> **ACTION ITEM**
Of all the lines in the entries below, give again exactly those starting at the line containing "and \<open>s(C')\<close> singletons." and ending at the line containing "It suffices to", both ends included, and no others.

(Stored items)
____________
(* Let $U$ be a finite set and $\mathscr{S}$ a collection of subsets of $U$ of size at most $k$ that is closed under taking subsets. Suppose $\mathscr{C}$ and $\mathscr{C}'$ are $k$-set covers of $U$ (partitions of $U$ into members of $\mathscr{S}$), where $\mathscr{C}$ consists of $b$ sets of which $b_1$ are 1-element sets, and $\mathscr{C}'$ consists of $b'$ sets of which $b_1'$ are 1-element sets. Then there exists a $k$-set cover $\mathscr{C}''$ of $U$ (a partition of $U$ into members of $\mathscr{S}$) with $\min(b,b')$ sets and $\min(b_1,b_1')$ 1-element sets. *)

theory Defs
  imports Main "HOL-Library.Disjoint_Sets"
begin

definition set_cover :: "'a set set \<Rightarrow> 'a set \<Rightarrow> 'a set set \<Rightarrow> bool" where
  "set_cover S U C \<longleftrightarrow> partition_on U C \<and> C \<subseteq> S"

definition singletons_of :: "'a set set \<Rightarrow> 'a set set" where
  "singletons_of C = {A \<in> C. card A = 1}"

end

theory Submission
  imports Defs
begin

text \<open>Write \<open>s(C)\<close> for the number of singletons of a cover \<open>C\<close>. Since \<open>S\<close> is closed under
  subsets, we can interpolate between two covers \<open>C\<close>, \<open>C'\<close> of \<open>U\<close>: for every \<open>t\<close> with
  \<open>|C| + max 0 (s(C') - s(C)) \<le> t \<le> |C'|\<close> there is a cover with \<open>t\<close> blocks and \<open>s(C')\<close> singletons.
  It suffices to lower \<open>|C'|\<close> by one, by induction on \<open>U\<close>: remove a block \<open>B\<close> of \<open>C'\<close>, restrict
  \<open>C\<close> to \<open>U - B\<close>, apply the induction hypothesis there, and add \<open>B\<close> back. In the tight case \<open>B\<close> is
  taken to be a singleton of \<open>C'\<close> if \<open>C'\<close> has more singletons than \<open>C\<close>, and to contain a singleton
  of \<open>C\<close> if it has fewer, so that the restricted cover loses enough blocks or singletons.\<close>

lemma set_cover_insert_iff:
  assumes "disjnt B (\<Union>Q)"
  shows "set_cover S U (insert B Q) \<longleftrightarrow> set_cover S (U - B) Q \<and> B \<subseteq> U \<and> B \<noteq> {} \<and> B \<in> S"
  using partition_on_insert[OF assms] by (auto simp: set_cover_def)

lemma set_cover_Diff_block:
  assumes "set_cover S U C" "B \<in> C"
  shows "set_cover S (U - B) (C - {B})"
proof -
  have "disjnt B (\<Union>(C - {B}))"
    using assms unfolding set_cover_def partition_on_def disjoint_def disjnt_def by blast
  moreover have "insert B (C - {B}) = C" using assms(2) by blast
  ultimately show ?thesis using set_cover_insert_iff assms(1) by metis
qed

lemma set_cover_restrict:
  assumes "\<forall>A\<in>S. \<forall>B. B \<subseteq> A \<longrightarrow> B \<in> S" "set_cover S U C" "V \<subseteq> U"
  shows "set_cover S V ((\<inter>) V ` C - {{}})"
  using partition_on_restrict[of U C V] assms
  by (auto simp: set_cover_def Int_absorb2)

lemma singletons_of_insert:
  "singletons_of (insert B C) = (if card B = 1 then insert B (singletons_of C) else singletons_of C)"
  by (auto simp: singletons_of_def)

lemma singletons_of_Diff:
  "singletons_of (C - {B}) = singletons_of C - {B}"
  by (auto simp: singletons_of_def)

lemma finite_singletons_of: "finite C \<Longrightarrow> finite (singletons_of C)"
  by (simp add: singletons_of_def)

lemma card_restrict_le:
  assumes "finite C"
  shows "card ((\<inter>) V ` C - {{}}) + card {A\<in>C. A \<inter> V = {}} \<le> card C"
proof -
  let ?K = "{A\<in>C. A \<inter> V = {}}"
  have "card ((\<inter>) V ` C - {{}}) \<le> card ((\<inter>) V ` (C - ?K))"
    using assms by (intro card_mono) auto
  also have "\<dots> \<le> card (C - ?K)" using assms by (intro card_image_le) auto
  also have "\<dots> = card C - card ?K" using assms by (intro card_Diff_subset) auto
  finally show ?thesis using card_mono[OF assms, of ?K] by auto
qed

lemma card_singletons_of_restrict:
  assumes "finite C"
  shows "card (singletons_of C) \<le> card (singletons_of ((\<inter>) V ` C - {{}})) + card {A\<in>C. A \<inter> V = {}}"
proof -
  let ?K = "{A\<in>C. A \<inter> V = {}}"
  have "singletons_of C \<subseteq> singletons_of ((\<inter>) V ` C - {{}}) \<union> ?K"
    by (force simp: singletons_of_def card_1_singleton_iff)
  hence "card (singletons_of C) \<le> card (singletons_of ((\<inter>) V ` C - {{}}) \<union> ?K)"
    using assms by (intro card_mono) (auto simp: finite_singletons_of)
  also have "\<dots> \<le> card (singletons_of ((\<inter>) V ` C - {{}})) + card ?K" by (rule card_Un_le)
  finally show ?thesis .
qed

lemma obtain_block_for_shrinking:
  assumes "finite U" "partition_on U C" "partition_on U C'"
    and "card C + (card (singletons_of C') - card (singletons_of C)) < card C'"
    and "card C + 1 \<noteq> card C' \<or> card (singletons_of C) \<noteq> card (singletons_of C')"
  obtains B where "B \<in> C'" "card C + 2 \<le> card C' + card {A\<in>C. A \<inter> (U - B) = {}}"
    "card C + card (singletons_of C') + 2
       \<le> card C' + card (singletons_of C) + (if card B = 1 then 1 else 0)"
proof -
  let ?s = "card (singletons_of C)" and ?s' = "card (singletons_of C')"
  have finC: "finite C" using finite_elements assms(1,2) by blast
  consider "card C + (?s' - ?s) + 2 \<le> card C'" | "?s < ?s'" | "?s' < ?s" "card C + 1 = card C'"
    using assms(4,5) by linarith
  then show thesis
  proof cases
    case 1
    then have "C' \<noteq> {}" by auto
    then obtain B where "B \<in> C'" by blast
    moreover have "card C + 2 \<le> card C'" "card C + ?s' + 2 \<le> card C' + ?s" using 1 by arith+
    ultimately show thesis by (intro that) auto
  next
    case 2
    then have "singletons_of C' \<noteq> {}" by auto
    then obtain B where "B \<in> C'" "card B = 1" by (auto simp: singletons_of_def)
    moreover have "card C + 2 \<le> card C'" "card C + ?s' + 1 \<le> card C' + ?s"
      using assms(4) 2 by arith+
    ultimately show thesis by (intro that) auto
  next
    case 3
    then have "singletons_of C \<noteq> {}" by auto
    then obtain x where "{x} \<in> C" by (auto simp: singletons_of_def card_1_singleton_iff)
    moreover from this obtain B where "B \<in> C'" "x \<in> B"
      using assms(2,3) by (auto simp: partition_on_def)
    ultimately have "{x} \<in> {A\<in>C. A \<inter> (U - B) = {}}" by auto
    hence "card {A\<in>C. A \<inter> (U - B) = {}} \<noteq> 0" using finC by auto
    then show thesis using 3 \<open>B \<in> C'\<close> by (intro that) auto
  qed
qed

lemma set_cover_remove_block:
  assumes "finite U" "set_cover S U C" "B \<in> C"
  shows "set_cover S (U - B) (C - {B})" "card (C - {B}) + 1 = card C"
    "card (singletons_of (C - {B})) + (if card B = 1 then 1 else 0) = card (singletons_of C)"
proof -
  have "finite C" using assms finite_elements by (auto simp: set_cover_def)
  then show "card (C - {B}) + 1 = card C"
    using card.remove[OF _ assms(3)] by simp
  have "B \<in> singletons_of C \<longleftrightarrow> card B = 1" using assms(3) by (simp add: singletons_of_def)
  then show "card (singletons_of (C - {B})) + (if card B = 1 then 1 else 0) = card (singletons_of C)"
    using card.remove[of "singletons_of C" B] \<open>finite C\<close>
    by (auto simp: singletons_of_Diff finite_singletons_of)
  show "set_cover S (U - B) (C - {B})" using set_cover_Diff_block assms(2,3) .
qed

lemma set_cover_add_block:
  assumes "finite U" "set_cover S (U - B) Q" "B \<subseteq> U" "B \<noteq> {}" "B \<in> S"
  shows "set_cover S U (insert B Q)" "card (insert B Q) = card Q + 1"
    "card (singletons_of (insert B Q)) = card (singletons_of Q) + (if card B = 1 then 1 else 0)"
proof -
  have "\<Union>Q = U - B" "finite Q"
    using assms(1,2) finite_elements[of "U - B" Q] by (auto simp: set_cover_def partition_on_def)
  then have "disjnt B (\<Union>Q)" "B \<notin> Q" using assms(4) by (auto simp: disjnt_def)
  then show "set_cover S U (insert B Q)" "card (insert B Q) = card Q + 1"
    using assms set_cover_insert_iff[OF \<open>disjnt B (\<Union>Q)\<close>] \<open>finite Q\<close> by auto
  have "B \<notin> singletons_of Q" using \<open>B \<notin> Q\<close> by (simp add: singletons_of_def)
  then show "card (singletons_of (insert B Q)) = card (singletons_of Q) + (if card B = 1 then 1 else 0)"
    using \<open>finite Q\<close> by (simp add: singletons_of_insert finite_singletons_of)
qed

lemma set_cover_shrink_step:
  assumes downward_closed: "\<forall>A\<in>S. \<forall>B. B \<subseteq> A \<longrightarrow> B \<in> S" and "finite U"
    and C: "set_cover S U C" and C': "set_cover S U C'"
    and lt: "card C + (card (singletons_of C') - card (singletons_of C)) < card C'"
    and IH: "\<And>V C1 C1' t. V \<subset> U \<Longrightarrow> set_cover S V C1 \<Longrightarrow> set_cover S V C1' \<Longrightarrow>
      card C1 + (card (singletons_of C1') - card (singletons_of C1)) \<le> t \<Longrightarrow> t \<le> card C1' \<Longrightarrow>
      \<exists>Q. set_cover S V Q \<and> card Q = t \<and> card (singletons_of Q) = card (singletons_of C1')"
  shows "\<exists>Q. set_cover S U Q \<and> card Q = card C' - 1 \<and> card (singletons_of Q) = card (singletons_of C')"
proof (cases "card C + 1 = card C' \<and> card (singletons_of C) = card (singletons_of C')")
  case True
  then show ?thesis using C by auto
next
  case False
  then obtain B where B: "B \<in> C'" and
    many_inside: "card C + 2 \<le> card C' + card {A\<in>C. A \<inter> (U - B) = {}}" and
    few_singletons: "card C + card (singletons_of C') + 2
       \<le> card C' + card (singletons_of C) + (if card B = 1 then 1 else 0)"
    using obtain_block_for_shrinking[OF \<open>finite U\<close> _ _ lt] C C' by (auto simp: set_cover_def)
  have "B \<subseteq> U" "B \<noteq> {}" "B \<in> S" using C' B by (auto simp: set_cover_def partition_on_def)
  define C1 where "C1 = (\<inter>) (U - B) ` C - {{}}"
  have "finite C" using C \<open>finite U\<close> finite_elements by (auto simp: set_cover_def)
  have C1: "set_cover S (U - B) C1" unfolding C1_def using set_cover_restrict[OF downward_closed C] by auto
  have "card C1 + (card (singletons_of (C' - {B})) - card (singletons_of C1)) \<le> card C' - 2"
    "2 \<le> card C'"
    using card_restrict_le[OF \<open>finite C\<close>, of "U - B"]
      card_singletons_of_restrict[OF \<open>finite C\<close>, of "U - B"]
      set_cover_remove_block(2,3)[OF \<open>finite U\<close> C' B] many_inside few_singletons
    unfolding C1_def by arith+
  then obtain Q where "set_cover S (U - B) Q" "card Q = card C' - 2"
    "card (singletons_of Q) = card (singletons_of (C' - {B}))"
    using IH[OF _ C1 set_cover_remove_block(1)[OF \<open>finite U\<close> C' B]] \<open>B \<subseteq> U\<close> \<open>B \<noteq> {}\<close>
      set_cover_remove_block(2)[OF \<open>finite U\<close> C' B] by fastforce
  then show ?thesis
    using set_cover_add_block[OF \<open>finite U\<close> _ \<open>B \<subseteq> U\<close> \<open>B \<noteq> {}\<close> \<open>B \<in> S\<close>, of Q]
      set_cover_remove_block(3)[OF \<open>finite U\<close> C' B] \<open>2 \<le> card C'\<close>
    by (intro exI[of _ "insert B Q"]) auto
qed

lemma set_cover_exists_card:
  assumes downward_closed: "\<forall>A\<in>S. \<forall>B. B \<subseteq> A \<longrightarrow> B \<in> S" and "finite U"
    and "set_cover S U C" "set_cover S U C'"
    and "card C + (card (singletons_of C') - card (singletons_of C)) \<le> t" "t \<le> card C'"
  shows "\<exists>Q. set_cover S U Q \<and> card Q = t \<and> card (singletons_of Q) = card (singletons_of C')"
  using assms(2-)
proof (induction U arbitrary: C C' t rule: finite_psubset_induct)
  case (psubset U)
  from psubset.prems(2-) show ?case
  proof (induction "card C' - t" arbitrary: C')
    case 0
    then show ?case by auto
  next
    case (Suc n C')
    obtain Q where Q: "set_cover S U Q" "card Q = card C' - 1"
      "card (singletons_of Q) = card (singletons_of C')"
      using set_cover_shrink_step[OF downward_closed psubset.hyps(1) psubset.prems(1) Suc.prems(1)]
        psubset.IH Suc.prems Suc.hyps(2) by fastforce
    have "n = card Q - t" "t \<le> card Q" using Q(2) Suc.hyps(2) by arith+
    then show ?case using Suc.hyps(1)[OF _ Q(1)] Q(3) Suc.prems(2) by auto
  qed
qed

theorem lemma2:
  fixes U :: "'a set" and S :: "'a set set" and k :: nat
    and C C' :: "'a set set" and b b1 b' b1' :: nat
  assumes "finite U"
    and "\<forall>A\<in>S. A \<subseteq> U \<and> card A \<le> k"
    and "\<forall>A\<in>S. \<forall>B. B \<subseteq> A \<longrightarrow> B \<in> S"
    and "set_cover S U C" and "card C = b" and "card (singletons_of C) = b1"
    and "set_cover S U C'" and "card C' = b'" and "card (singletons_of C') = b1'"
  shows "\<exists>C''. set_cover S U C'' \<and> card C'' = min b b'
               \<and> card (singletons_of C'') = min b1 b1'"
proof -
  consider "b \<le> b'" "b1 \<le> b1'" | "b' \<le> b" "b1' \<le> b1" | "b \<le> b'" "b1' \<le> b1" | "b' \<le> b" "b1 \<le> b1'"
    by linarith
  then show ?thesis
  proof cases
    case 1
    then show ?thesis using assms(4-6) by (auto simp: min_def)
  next
    case 2
    then show ?thesis using assms(7-9) by (auto simp: min_def)
  next
    case 3
    then show ?thesis
      using set_cover_exists_card[OF assms(3,1,4,7), of b] assms(5,6,8,9) by (auto simp: min_def)
  next
    case 4
    then show ?thesis
      using set_cover_exists_card[OF assms(3,1,7,4), of b'] assms(5,6,8,9) by (auto simp: min_def)
  qed
qed

end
____________
> **EXERCISE RESPONSE**
  \<open>|C| + max 0 (s(C') - s(C)) \<le> t \<le> |C'|\<close> there is a cover with \<open>t\<close> blocks and \<open>s(C')\<close> singletons.
  It suffices to lower \<open>|C'|\<close> by one, by induction on \<open>U\<close>: remove a block \<open>B\<close> of \<open>C'\<close>, restrict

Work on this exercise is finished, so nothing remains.